Our inbound path: external → Sophos cloud email gateway (filtering) → M365. The gateway’s message logs answered instantly:

Timeline: mail stuck at Accepted for two hours, phone escalation, recovery, then the RCA demand

The two-hour incident in one view: stuck, escalated, recovered, held to account

Every inbound message between 14:00–16:00 sat in Accepted state — the gateway had taken the mail and then neither delivered to M365 nor retried. Just… held it.

That state is highly informative: the problem isn’t our M365 (mail never got there), isn’t DNS/MX (external delivery succeeded) — it’s the gateway’s own delivery queue.

You can’t fix SaaS — but you can do these four things

  1. Phone, don’t just ticket.
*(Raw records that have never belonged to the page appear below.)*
lemma orthonormal_basisI:
  assumes "length us = d" "set us \<subseteq> carrier_vec d" "orthonormal_list us"
  shows "orthonormal_basis d us"
  unfolding orthonormal_basis_def
proof (intro conjI allI impI)
  fix i j assume i: "i < d" and j: "j < d"
  have "us ! i \<in> set us" "us ! j \<in> set us" using i j assms(1) by auto
  moreover have "us ! i = us ! j \<longleftrightarrow> i = j"
    using assms i j nth_eq_iff_index_eq[of us i j] unfolding orthonormal_list_def by simp
  ultimately show "us ! i \<bullet>c us ! j = (if i = j then 1 else 0)"
    using assms(3) unfolding orthonormal_list_def by simp
qed (use assms in auto)

lemma mat_eq_if_eq_on_orthonormal_basis:
  fixes X Y :: "complex mat"
  assumes X: "X \<in> carrier_mat d d" and Y: "Y \<in> carrier_mat d d"
    and basis: "orthonormal_basis d us" and eq: "\<And>u. u \<in> set us \<Longrightarrow> X *\<^sub>v u = Y *\<^sub>v u"
  shows "X = Y"
proof -
  have len: "length us = d" and us: "set us \<subseteq> carrier_vec d"
    and on: "\<forall>i<d. \<forall>j<d. us ! i \<bullet>c us ! j = (if i = j then 1 else 0)"
    using basis unfolding orthonormal_basis_def by auto
  have ui: "us ! i \<in> carrier_vec d" if "i < d" for i using that us len by auto
  define U where "U = mat_of_cols d us"
  define U' where "U' = mat_of_rows d (map conjugate us)"
  have U: "U \<in> carrier_mat d d" and U': "U' \<in> carrier_mat d d"
    unfolding U_def U'_def using len mat_of_rows_carrier(1)[of d "map conjugate us"] by auto
  have "U' * U = 1\<^sub>m d"
  proof (rule eq_matI)
    fix i j assume "i < dim_row (1\<^sub>m d :: complex mat)" "j < dim_col (1\<^sub>m d :: complex mat)"
    then have i: "i < d" and j: "j < d" by auto
    have "(U' * U) $$ (i, j) = conjugate (us ! i) \<bullet> us ! j"
      using i j len ui[OF i] ui[OF j] by (simp add: U_def U'_def mat_of_rows_row)
    also have "\<dots> = us ! j \<bullet>c us ! i"
      using comm_scalar_prod[of "conjugate (us ! i)" d "us ! j"] ui[OF i] ui[OF j] by simp
    finally show "(U' * U) $$ (i, j) = 1\<^sub>m d $$ (i, j)" using on i j by auto
  qed (use U U' in auto)
  then have UU': "U * U' = 1\<^sub>m d" by (rule mat_mult_left_right_inverse[OF U' U])
  have "X * U = Y * U"
  proof (rule mat_col_eqI)
    fix j assume "j < dim_col (Y * U)"
    then have j: "j < d" using Y U by simp
    have "col U j = us ! j" using j len ui[OF j] by (simp add: U_def)
    then have "col (X * U) j = X *\<^sub>v us ! j" "col (Y * U) j = Y *\<^sub>v us ! j"
      using col_mult2[OF X U j] col_mult2[OF Y U j] by simp_all
    then show "col (X * U) j = col (Y * U) j" using eq[of "us ! j"] j len by simp
  qed (use X Y U in auto)
  have "X = X * (U * U')" using X UU' by simp
  also have "\<dots> = (X * U) * U'" using assoc_mult_mat[OF X U U'] by simp
  also have "\<dots> = (Y * U) * U'" using \<open>X * U = Y * U\<close> by simp
  also have "\<dots> = Y * (U * U')" using assoc_mult_mat[OF Y U U'] by simp
  also have "\<dots> = Y" using Y UU' by simp
  finally show ?thesis .
qed

lemma normal_if_orthonormal_basis_of_eigenvectors_of_adjoint:
  fixes A :: "complex mat"
  assumes A: "A \<in> carrier_mat d d" and basis: "orthonormal_basis d us"
    and ev: "\<And>u. u \<in> set us \<Longrightarrow> \<exists>a. A *\<^sub>v u = a \<cdot>\<^sub>v u"
    and ev_adj: "\<And>u. u \<in> set us \<Longrightarrow> \<exists>b. mat_adjoint A *\<^sub>v u = b \<cdot>\<^sub>v u"
  shows "A * mat_adjoint A = mat_adjoint A * A"
proof (rule mat_eq_if_eq_on_orthonormal_basis[OF _ _ basis])
  have A': "mat_adjoint A \<in> carrier_mat d d" using mat_adjoint_carrier[OF A] .
  show "A * mat_adjoint A \<in> carrier_mat d d" "mat_adjoint A * A \<in> carrier_mat d d"
    using A A' by auto
  fix u assume u: "u \<in> set us"
  then have uc: "u \<in> carrier_vec d" using basis unfolding orthonormal_basis_def by auto
  obtain a b where a: "A *\<^sub>v u = a \<cdot>\<^sub>v u" and b: "mat_adjoint A *\<^sub>v u = b \<cdot>\<^sub>v u"
    using ev[OF u] ev_adj[OF u] by blast
  have "(A * mat_adjoint A) *\<^sub>v u = (b * a) \<cdot>\<^sub>v u"
    using A A' uc by (simp add: assoc_mult_mat_vec[of _ d d _ d] a b mult_mat_vec smult_smult_assoc)
  also have "\<dots> = (mat_adjoint A * A) *\<^sub>v u"
    using A A' uc by (simp add: assoc_mult_mat_vec[of _ d d _ d] a b mult_mat_vec smult_smult_assoc mult.commute)
  finally show "(A * mat_adjoint A) *\<^sub>v u = (mat_adjoint A * A) *\<^sub>v u" .
qed
definition good_weighting :: "nat \<Rightarrow> 'a set \<Rightarrow> 'a set set \<Rightarrow> ('a set \<Rightarrow> nat) \<Rightarrow> bool" where
  "good_weighting k V E \<omega> \<longleftrightarrow>
     (\<forall>e\<in>E. \<omega> e \<in> {3, 4, 5})
   \<and> (\<forall>cs. is_cycle E cs \<longrightarrow> \<not> (odd (weight \<omega> cs) \<and> weight \<omega> cs < 2 * k + 1))
   \<and> (\<exists>T. spanning_tree V E T \<and> (\<forall>e\<in>T. \<omega> e = 3))"

definition in_Hk :: "nat \<Rightarrow> 'a set \<Rightarrow> 'a set set \<Rightarrow> bool" where
  "in_Hk k V E \<longleftrightarrow> simple_graph V E \<and> (\<exists>\<omega>. good_weighting k V E \<omega>)"

definition N1 :: "'a set set \<Rightarrow> 'a set \<Rightarrow> 'a set" where
  "N1 E S = S \<union> {v. \<exists>u\<in>S. {u, v} \<in> E}"

end

theory Submission
  imports Defs
begin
The hotline’s answer: development and technical teams already on it — and the official status page had nothing posted yet. Which confirms an important truth: status pages trail real outages; never build your monitoring on them;
  2. Tell the business: “external mail is delayed, not lost” — cuts duplicate reports and panic;
  3. Preserve evidence: screenshots of the message log full of Accepted rows with timestamps — raw material for the post-incident accounting;
  4. Demand a written RFO/RCA after recovery. Our email spelled out three requirements:
  • Root Cause: a technical explanation of why inbound mail was stuck in “Accepted” and failing to return to our M365 tenant;
  • Timeline: exact start and end of the degradation;
  • Remediation: the steps taken to clear the queue and restore mailflow.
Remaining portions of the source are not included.